Views from affordable housing series author
Many of you, I hope, read the affordable housing series I wrote and which appeared in four parts between Friday, May 4 and Wednesday, May 9.
The goal of the series was to educate and inform readers on housing issues at South Shore.
The topic of affordable housing is endless and believe me much more research went into this project than what was presented to the reader, including the start of an entire section which compared affordable housing in Lake Tahoe to communities such as Aspen, Vail, Mammoth and Park City. But what I found is that, even though these are all mountain resort communities, comparing them – because for their different financial resources and land management issues – is like comparing apples and oranges.
I spoke with Nevada Sen. Harry Reid’s office, and although his press secretary said he is interested in solving the problem. There are no immediate plans to address housing at Lake Tahoe. It should, however, be noted that Reid was a suggested interview because of his favorable track record concerning affordable housing in other parts of Nevada.
Reid was suggested by the Lake Tahoe representative of the Federal Housing and Urban Development department. This member of HUD, who was a great interview, was not allowed to go on the record because of restraints imposed by the new Bush administration. Apparently they want everything to go through Washington D.C. Too bad no one over there knows what is happening over here.
No one returned my calls from either Sen. Barbara Boxer’s or Sen. Dianne Feinstein’s offices in California.
It may sound strange to call federal officials to ask questions about housing in South Lake Tahoe, but who else would I ask? The city of South Lake Tahoe has an annual budget of $18 million, 70 percent going to basic city services. Douglas County on the other hand has six lucrative casinos with annual gross gaming revenues of $350 million. Most of their employees who generate revenue for the state of Nevada live in California, and this little town takes the burden of housing their employees, schooling their children and providing other taxpayer funded resources.
In comparison to South Lake Tahoe, Douglas County is very powerful, but compare California to Nevada and what do you get? A different story entirely. California has more clout and representation than Nevada in the federal government, and I think it is time something is done to counterbalance the economic inequities between Douglas County and South Lake Tahoe. It is after all one community.

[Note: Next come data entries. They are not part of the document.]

(* Let $\sigma,\nu\in\mathbb R$ and $V:\mathbb R\to\mathbb R$ smooth. Let $M,K$ be the $6\times6$ matrices $$M=\begin{pmatrix}0&\frac\sigma2&-\frac12&0&0&0\\-\frac\sigma2&0&0&0&0&0\\\frac12&0&0&0&0&0\\0&0&0&0&0&0\\0&0&0&0&0&0\\0&0&0&0&0&0\end{pmatrix},\quad K=\begin{pmatrix}0&0&0&0&\frac\sigma2&\nu\\0&0&0&0&0&0\\0&0&0&-1&0&0\\0&0&1&0&0&0\\-\frac\sigma2&0&0&0&0&0\\-\nu&0&0&0&0&0\end{pmatrix},$$ and $S(\mathbf z)=uw-V(u)-\frac\nu2v^2-\frac\sigma2\theta\rho$ for $\mathbf z=(u,\theta,\phi,w,\rho,v)^T$. Let $\mathbf z_h=(u_h,\theta_h,\phi_h,w_h,\rho_h,v_h)^T$ be continuously differentiable in $t$ with values in $(V_h)^6$ and satisfy the DG scheme with central fluxes: for every $j$ and every $\boldsymbol\varphi\in(V_h)^6$, $$\int_{I_j}M\partial_t\mathbf z_h\cdot\boldsymbol\varphi\,dx-\int_{I_j}K\mathbf z_h\cdot\partial_x\boldsymbol\varphi\,dx+\big(K\{\mathbf z_h\}\cdot\boldsymbol\varphi^-\big)_{j+\frac12}-\big(K\{\mathbf z_h\}\cdot\boldsymbol\varphi^+\big)_{j-\frac12}=\int_{I_j}\nabla_{\mathbf z}S(\mathbf z_h)\cdot\boldsymbol\varphi\,dx.$$ Then the discrete energy $\mathcal E_h=\int_\Omega\big(-V(u_h)+\frac\nu2v_h^2\big)dx$ is constant in time.
   Context: This is a DG discretization of the BBM–KdV equation $u_t-\sigma u_{xxt}=V'(u)_x+\nu u_{xxx}$ in the multi-symplectic form $M\mathbf z_t+K\mathbf z_x=\nabla_{\mathbf z}S(\mathbf z)$ above. Mesh and spaces: a one-dimensional domain $\Omega$ is partitioned into cells $I_j=[x_{j-1/2},x_{j+1/2}]$, $j=1,\dots,N$, with periodic boundary conditions (interface indices modulo $N$). For fixed $k\ge0$, $V_h=\{v\in L^2(\Omega): v|_{I_j}\text{ is a polynomial of degree}\le k\ \forall j\}$. For vector functions in $(V_h)^6$, superscripts $\pm$ at $x_{j+1/2}$ denote right/left limits and $\{\mathbf v\}=\frac12(\mathbf v^++\mathbf v^-)$; subscript $j\pm\frac12$ denotes evaluation at $x_{j\pm1/2}$. *)

theory Defs
  imports "HOL-Analysis.Analysis" "HOL-Computational_Algebra.Polynomial"
begin

text \<open>Components of z = (u, theta, phi, w, rho, v) are indexed 0..5.
Cells are I_j = [xs j, xs (Suc j)] for j < N; Omega = [xs 0, xs N], periodic.
An element of (V_h)^6 is P :: nat => nat => real poly, P a j = component a on cell j.\<close>

definition smooth_fun :: "(real \<Rightarrow> real) \<Rightarrow> bool" where
  "smooth_fun V \<longleftrightarrow> (\<forall>n x. ((deriv ^^ n) V) differentiable (at x))"

definition Mmat :: "real \<Rightarrow> nat \<Rightarrow> nat \<Rightarrow> real" where
  "Mmat \<sigma> a b =
     (if a = 0 \<and> b = 1 then \<sigma>/2
      else if a = 0 \<and> b = 2 then -1/2
      else if a = 1 \<and> b = 0 then -\<sigma>/2
      else if a = 2 \<and> b = 0 then 1/2
      else 0)"

definition Kmat :: "real \<Rightarrow> real \<Rightarrow> nat \<Rightarrow> nat \<Rightarrow> real" where
  "Kmat \<sigma> \<nu> a b =
     (if a = 0 \<and> b = 4 then \<sigma>/2
      else if a = 0 \<and> b = 5 then \<nu>
      else if a = 2 \<and> b = 3 then -1
      else if a = 3 \<and> b = 2 then 1
      else if a = 4 \<and> b = 0 then -\<sigma>/2
      else if a = 5 \<and> b = 0 then -\<nu>
      else 0)"

definition matdot :: "(nat \<Rightarrow> nat \<Rightarrow> real) \<Rightarrow> (nat \<Rightarrow> real) \<Rightarrow> (nat \<Rightarrow> real) \<Rightarrow> real" where
  "matdot A v w = (\<Sum>a<6. (\<Sum>b<6. A a b * v b) * w a)"

definition Sfun :: "(real \<Rightarrow> real) \<Rightarrow> real \<Rightarrow> real \<Rightarrow> (nat \<Rightarrow> real) \<Rightarrow> real" where
  "Sfun V \<sigma> \<nu> z = z 0 * z 3 - V (z 0) - \<nu>/2 * (z 5)^2 - \<sigma>/2 * z 1 * z 4"

definition gradS :: "(real \<Rightarrow> real) \<Rightarrow> real \<Rightarrow> real \<Rightarrow> (nat \<Rightarrow> real) \<Rightarrow> nat \<Rightarrow> real" where
  "gradS V \<sigma> \<nu> z a = deriv (\<lambda>s. Sfun V \<sigma> \<nu> (z(a := s))) (z a)"

text \<open>Right limit at interface x_{i-1/2} (= xs i, i < N): value of cell i at its left end.\<close>
definition rlim :: "nat \<Rightarrow> (nat \<Rightarrow> real) \<Rightarrow> (nat \<Rightarrow> nat \<Rightarrow> real poly) \<Rightarrow> nat \<Rightarrow> nat \<Rightarrow> real" where
  "rlim N xs P i a = poly (P a i) (xs i)"

text \<open>Left limit at the same interface: value of the (periodically) preceding cell at its right end.\<close>
definition llim :: "nat \<Rightarrow> (nat \<Rightarrow> real) \<Rightarrow> (nat \<Rightarrow> nat \<Rightarrow> real poly) \<Rightarrow> nat \<Rightarrow> nat \<Rightarrow> real" where
  "llim N xs P i a = poly (P a ((i + N - 1) mod N)) (xs (Suc ((i + N - 1) mod N)))"

definition avg :: "nat \<Rightarrow> (nat \<Rightarrow> real) \<Rightarrow> (nat \<Rightarrow> nat \<Rightarrow> real poly) \<Rightarrow> nat \<Rightarrow> nat \<Rightarrow> real" where
  "avg N xs P i a = (rlim N xs P i a + llim N xs P i a) / 2"

text \<open>DG equation on cell j with central fluxes, for z_h = Z, d/dt z_h = dZ, test function phi
(phi a = component a of the test function on cell j).\<close>
definition dg_eq :: "real \<Rightarrow> real \<Rightarrow> (real \<Rightarrow> real) \<Rightarrow> nat \<Rightarrow> (nat \<Rightarrow> real)
    \<Rightarrow> (nat \<Rightarrow> nat \<Rightarrow> real poly) \<Rightarrow> (nat \<Rightarrow> nat \<Rightarrow> real poly) \<Rightarrow> nat \<Rightarrow> (nat \<Rightarrow> real poly) \<Rightarrow> bool" where
  "dg_eq \<sigma> \<nu> V N xs Z dZ j \<phi> \<longleftrightarrow>
     integral {xs j..xs (Suc j)}
        (\<lambda>x. matdot (Mmat \<sigma>) (\<lambda>b. poly (dZ b j) x) (\<lambda>a. poly (\<phi> a) x))
   - integral {xs j..xs (Suc j)}
        (\<lambda>x. matdot (Kmat \<sigma> \<nu>) (\<lambda>b. poly (Z b j) x) (\<lambda>a. poly (pderiv (\<phi> a)) x))
   + matdot (Kmat \<sigma> \<nu>) (avg N xs Z (Suc j mod N)) (\<lambda>a. poly (\<phi> a) (xs (Suc j)))
   - matdot (Kmat \<sigma> \<nu>) (avg N xs Z j) (\<lambda>a. poly (\<phi> a) (xs j))
   = integral {xs j..xs (Suc j)}
        (\<lambda>x. \<Sum>a<6. gradS V \<sigma> \<nu> (\<lambda>b. poly (Z b j) x) a * poly (\<phi> a) x)"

Granted even if Douglas County were forced to provide some sort of economic subsidy to South Lake Tahoe, environmental restrictions would not go away. But if the Tahoe Regional Planning Agency is so concerned that a little extra land coverage might detract from lake clarity, it puts me at a loss to even conceive how they sleep at night with all those power boats cruising around the lake each summer, especially those that enter the lake through the Tahoe Keys Marina (Once a natural filter to prevent sediment loading in the lake, and now considered by staunch environmentalists an environmental disaster).
The bottom line: People with boats and people who own marinas have money. People looking for affordable housing don’t. It’s a tale as old as time itself.
Without low-wage earners this town would be hard pressed to make an income.
On the subject of Latinos in my series: The series was not to imply that all Latinos live in overcrowded or substandard conditions, but it would be irresponsible to ignore that many do; and that a language barrier and race barrier has created significant problems for a group of people who face many of the same issues the Irish, Germans, or one of many other Anglo groups faced in this country 100 years ago. Most of our ancestors were once immigrants, too.
Just put yourself in their shoes: You’re in a foreign country, where you don’t speak the language. Everyone around you has movie star wealth, and you have seen people like yourself evicted from their apartments for complaining to the landlord. You don’t understand the laws and don’t understand most of the news outlets. You have countless problems with your apartment, but you are just getting by and glad you have a place to live. What do you do?